ACTIVITY
Repeat the data exactly, so that every line matches the original.

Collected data
(* For positive integers $D_1,D_2$, integers $a,b$ with $(a,D_1)=(b,D_2)=1$, and integers $u,t$, \[ \widehat S(a,u,t,b;D_1,D_2)=\widehat S(b,t,u,a;D_2,D_1). \]
   Context: Notation: $e(x)=e^{2\pi ix}$. For integers $m_1,m_2,n_1,n_2$ and positive integers $D_1,D_2$, the $GL_3$ Kloosterman sum is \[ S(m_1,m_2,n_1,n_2;D_1,D_2)=\sum e\Big(\frac{m_1B_1+n_1(Y_1D_2-Z_1B_2)}{D_1}\Big)e\Big(\frac{m_2B_2+n_2(Y_2D_1-Z_2B_1)}{D_2}\Big), \] the sum over $B_1,C_1 \bmod D_1$, $B_2,C_2\bmod D_2$ with $\gcd(B_1,C_1,D_1)=\gcd(B_2,C_2,D_2)=1$ and $D_1C_2+B_1B_2+C_1D_2\equiv 0\pmod{D_1D_2}$, where $Y_1B_1+Z_1C_1\equiv 1\pmod{D_1}$, $Y_2B_2+Z_2C_2\equiv1\pmod{D_2}$ (independent of choices). For $(a,D_1)=(b,D_2)=1$, \[ \widehat S(a,u,t,b;D_1,D_2)=\frac{1}{D_1D_2}\sum_{x\bmod D_1}\sum_{y\bmod D_2}S(a,y,x,b;D_1,D_2)\,e\Big(\frac{-xt}{D_1}\Big)e\Big(\frac{-yu}{D_2}\Big). \] *)

theory Defs
  imports "HOL-Analysis.Analysis" "HOL-Number_Theory.Cong"
begin

definition ee :: "real \<Rightarrow> complex" where
  "ee x = exp (2 * of_real pi * \<i> * of_real x)"

definition bez :: "int \<Rightarrow> int \<Rightarrow> int \<Rightarrow> int \<times> int" where
  "bez B C D = (SOME (y, z). [y * B + z * C = 1] (mod D))"

definition kl_index :: "int \<Rightarrow> int \<Rightarrow> (int \<times> int \<times> int \<times> int) set" where
  "kl_index D1 D2 = {(B1, C1, B2, C2). B1 \<in> {0..<D1} \<and> C1 \<in> {0..<D1} \<and>
      B2 \<in> {0..<D2} \<and> C2 \<in> {0..<D2} \<and>
      gcd (gcd B1 C1) D1 = 1 \<and> gcd (gcd B2 C2) D2 = 1 \<and>
      [D1 * C2 + B1 * B2 + C1 * D2 = 0] (mod (D1 * D2))}"

definition kl_sum :: "int \<Rightarrow> int \<Rightarrow> int \<Rightarrow> int \<Rightarrow> int \<Rightarrow> int \<Rightarrow> complex" where
  "kl_sum m1 m2 n1 n2 D1 D2 =
    (\<Sum>(B1, C1, B2, C2) \<in> kl_index D1 D2.
       (case bez B1 C1 D1 of (Y1, Z1) \<Rightarrow>
        case bez B2 C2 D2 of (Y2, Z2) \<Rightarrow>
          ee (of_int (m1 * B1 + n1 * (Y1 * D2 - Z1 * B2)) / of_int D1) *
          ee (of_int (m2 * B2 + n2 * (Y2 * D1 - Z2 * B1)) / of_int D2)))"

definition kl_hat :: "int \<Rightarrow> int \<Rightarrow> int \<Rightarrow> int \<Rightarrow> int \<Rightarrow> int \<Rightarrow> complex" where
  "kl_hat a u t b D1 D2 =
    (1 / of_int (D1 * D2)) *
    (\<Sum>x \<in> {0..<D1}. \<Sum>y \<in> {0..<D2}.
       kl_sum a y x b D1 D2 * ee (of_int (- x * t) / of_int D1) *
       ee (of_int (- y * u) / of_int D2))"

end

theory Submission
  imports Defs
begin

text \<open>Opening the Fourier transform and summing the additive characters over x and y reduces
  kl_hat a u t b D1 D2 to the sum of e(a B1 / D1) e(b Q / D2) over the index tuples (B1, C1, B2, C2)
  with T = t (mod D1) and B2 = u (mod D2), where T = Y1 D2 - Z1 B2 and Q = Y2 D1 - Z2 B1 are the residues
  occurring in the Kloosterman sum. The index set carries an involution exchanging (B1, B2) with (T, Q),
  while swapping the two halves of a tuple exchanges the roles of D1 and D2; together they identify the
  two reduced sums.\<close>

section \<open>Additive characters\<close>

lemma ee_add: "ee (x + y) = ee x * ee y"
  unfolding ee_def by (simp add: distrib_left exp_add)

lemma ee_of_int: "ee (of_int n) = 1"
  unfolding ee_def using exp_integer_2pi[of "of_int n"] by (simp add: algebra_simps)

lemma ee_eq_1_iff: "ee x = 1 \<longleftrightarrow> x \<in> \<int>"
proof
  assume "ee x = 1"
  then obtain n :: int where "2 * pi * x = of_int (2 * n) * pi"
    unfolding ee_def exp_eq_1 by (auto simp: algebra_simps)
  then show "x \<in> \<int>" by simp
qed (auto elim!: Ints_cases simp: ee_of_int)

lemma ee_frac_add:
  "ee (of_int (m + n) / of_int D) = ee (of_int m / of_int D) * ee (of_int n / of_int D)"
  by (simp add: add_divide_distrib ee_add)

lemma ee_frac_cong:
  fixes k k' D :: int
  assumes "D \<noteq> 0" and "[k = k'] (mod D)"
  shows "ee (of_int k / of_int D) = ee (of_int k' / of_int D)"
proof -
  obtain m where "k = k' + D * m"
    using assms(2) by (metis cong_iff_lin cong_sym)
  then have "of_int k / of_int D = of_int k' / of_int D + (of_int m :: real)"
    using assms(1) by (simp add: field_simps)
  then show ?thesis by (simp add: ee_add ee_of_int)
qed

lemma ee_frac_power: "ee (of_int (int n * k) / of_int D) = ee (of_int k / of_int D) ^ n"
proof (induction n)
  case (Suc n)
  have "int (Suc n) * k = k + int n * k" by (simp add: algebra_simps)
  then show ?case by (simp only: ee_frac_add Suc power_Suc)
qed (simp add: ee_def)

RESULT OF THE EXERCISE
(* For positive integers $D_1,D_2$, integers $a,b$ with $(a,D_1)=(b,D_2)=1$, and integers $u,t$, \[ \widehat S(a,u,t,b;D_1,D_2)=\widehat S(b,t,u,a;D_2,D_1). \]
   Context: Notation: $e(x)=e^{2\pi ix}$. For integers $m_1,m_2,n_1,n_2$ and positive integers $D_1,D_2$, the $GL_3$ Kloosterman sum is \[ S(m_1,m_2,n_1,n_2;D_1,D_2)=\sum e\Big(\frac{m_1B_1+n_1(Y_1D_2-Z_1B_2)}{D_1}\Big)e\Big(\frac{m_2B_2+n_2(Y_2D_1-Z_2B_1)}{D_2}\Big), \] the sum over $B_1,C_1 \bmod D_1$, $B_2,C_2\bmod D_2$ with $\gcd(B_1,C_1,D_1)=\gcd(B_2,C_2,D_2)=1$ and $D_1C_2+B_1B_2+C_1D_2\equiv 0\pmod{D_1D_2}$, where $Y_1B_1+Z_1C_1\equiv 1\pmod{D_1}$, $Y_2B_2+Z_2C_2\equiv1\pmod{D_2}$ (independent of choices). For $(a,D_1)=(b,D_2)=1$, \[ \widehat S(a,u,t,b;D_1,D_2)=\frac{1}{D_1D_2}\sum_{x\bmod D_1}\sum_{y\bmod D_2}S(a,y,x,b;D_1,D_2)\,e\Big(\frac{-xt}{D_1}\Big)e\Big(\frac{-yu}{D_2}\Big). \] *)

theory Defs
  imports "HOL-Analysis.Analysis" "HOL-Number_Theory.Cong"
begin

definition ee :: "real \<Rightarrow> complex" where
  "ee x = exp (2 * of_real pi * \<i> * of_real x)"

definition bez :: "int \<Rightarrow> int \<Rightarrow> int \<Rightarrow> int \<times> int" where
  "bez B C D = (SOME (y, z). [y * B + z * C = 1] (mod D))"

definition kl_index :: "int \<Rightarrow> int \<Rightarrow> (int \<times> int \<times> int \<times> int) set" where
  "kl_index D1 D2 = {(B1, C1, B2, C2). B1 \<in> {0..<D1} \<and> C1 \<in> {0..<D1} \<and>
      B2 \<in> {0..<D2} \<and> C2 \<in> {0..<D2} \<and>
      gcd (gcd B1 C1) D1 = 1 \<and> gcd (gcd B2 C2) D2 = 1 \<and>
      [D1 * C2 + B1 * B2 + C1 * D2 = 0] (mod (D1 * D2))}"

definition kl_sum :: "int \<Rightarrow> int \<Rightarrow> int \<Rightarrow> int \<Rightarrow> int \<Rightarrow> int \<Rightarrow> complex" where
  "kl_sum m1 m2 n1 n2 D1 D2 =
    (\<Sum>(B1, C1, B2, C2) \<in> kl_index D1 D2.
       (case bez B1 C1 D1 of (Y1, Z1) \<Rightarrow>
        case bez B2 C2 D2 of (Y2, Z2) \<Rightarrow>
          ee (of_int (m1 * B1 + n1 * (Y1 * D2 - Z1 * B2)) / of_int D1) *
          ee (of_int (m2 * B2 + n2 * (Y2 * D1 - Z2 * B1)) / of_int D2)))"

definition kl_hat :: "int \<Rightarrow> int \<Rightarrow> int \<Rightarrow> int \<Rightarrow> int \<Rightarrow> int \<Rightarrow> complex" where
  "kl_hat a u t b D1 D2 =
    (1 / of_int (D1 * D2)) *
    (\<Sum>x \<in> {0..<D1}. \<Sum>y \<in> {0..<D2}.
       kl_sum a y x b D1 D2 * ee (of_int (- x * t) / of_int D1) *
       ee (of_int (- y * u) / of_int D2))"

end

theory Submission
  imports Defs
begin

text \<open>Opening the Fourier transform and summing the additive characters over x and y reduces
  kl_hat a u t b D1 D2 to the sum of e(a B1 / D1) e(b Q / D2) over the index tuples (B1, C1, B2, C2)
  with T = t (mod D1) and B2 = u (mod D2), where T = Y1 D2 - Z1 B2 and Q = Y2 D1 - Z2 B1 are the residues
  occurring in the Kloosterman sum. The index set carries an involution exchanging (B1, B2) with (T, Q),
  while swapping the two halves of a tuple exchanges the roles of D1 and D2; together they identify the
  two reduced sums.\<close>

section \<open>Additive characters\<close>

lemma ee_add: "ee (x + y) = ee x * ee y"
  unfolding ee_def by (simp add: distrib_left exp_add)

lemma ee_of_int: "ee (of_int n) = 1"
  unfolding ee_def using exp_integer_2pi[of "of_int n"] by (simp add: algebra_simps)

lemma ee_eq_1_iff: "ee x = 1 \<longleftrightarrow> x \<in> \<int>"
proof
  assume "ee x = 1"
  then obtain n :: int where "2 * pi * x = of_int (2 * n) * pi"
    unfolding ee_def exp_eq_1 by (auto simp: algebra_simps)
  then show "x \<in> \<int>" by simp
qed (auto elim!: Ints_cases simp: ee_of_int)

lemma ee_frac_add:
  "ee (of_int (m + n) / of_int D) = ee (of_int m / of_int D) * ee (of_int n / of_int D)"
  by (simp add: add_divide_distrib ee_add)

lemma ee_frac_cong:
  fixes k k' D :: int
  assumes "D \<noteq> 0" and "[k = k'] (mod D)"
  shows "ee (of_int k / of_int D) = ee (of_int k' / of_int D)"
proof -
  obtain m where "k = k' + D * m"
    using assms(2) by (metis cong_iff_lin cong_sym)
  then have "of_int k / of_int D = of_int k' / of_int D + (of_int m :: real)"
    using assms(1) by (simp add: field_simps)
  then show ?thesis by (simp add: ee_add ee_of_int)
qed

lemma ee_frac_power: "ee (of_int (int n * k) / of_int D) = ee (of_int k / of_int D) ^ n"
proof (induction n)
  case (Suc n)
  have "int (Suc n) * k = k + int n * k" by (simp add: algebra_simps)
  then show ?case by (simp only: ee_frac_add Suc power_Suc)
qed (simp add: ee_def)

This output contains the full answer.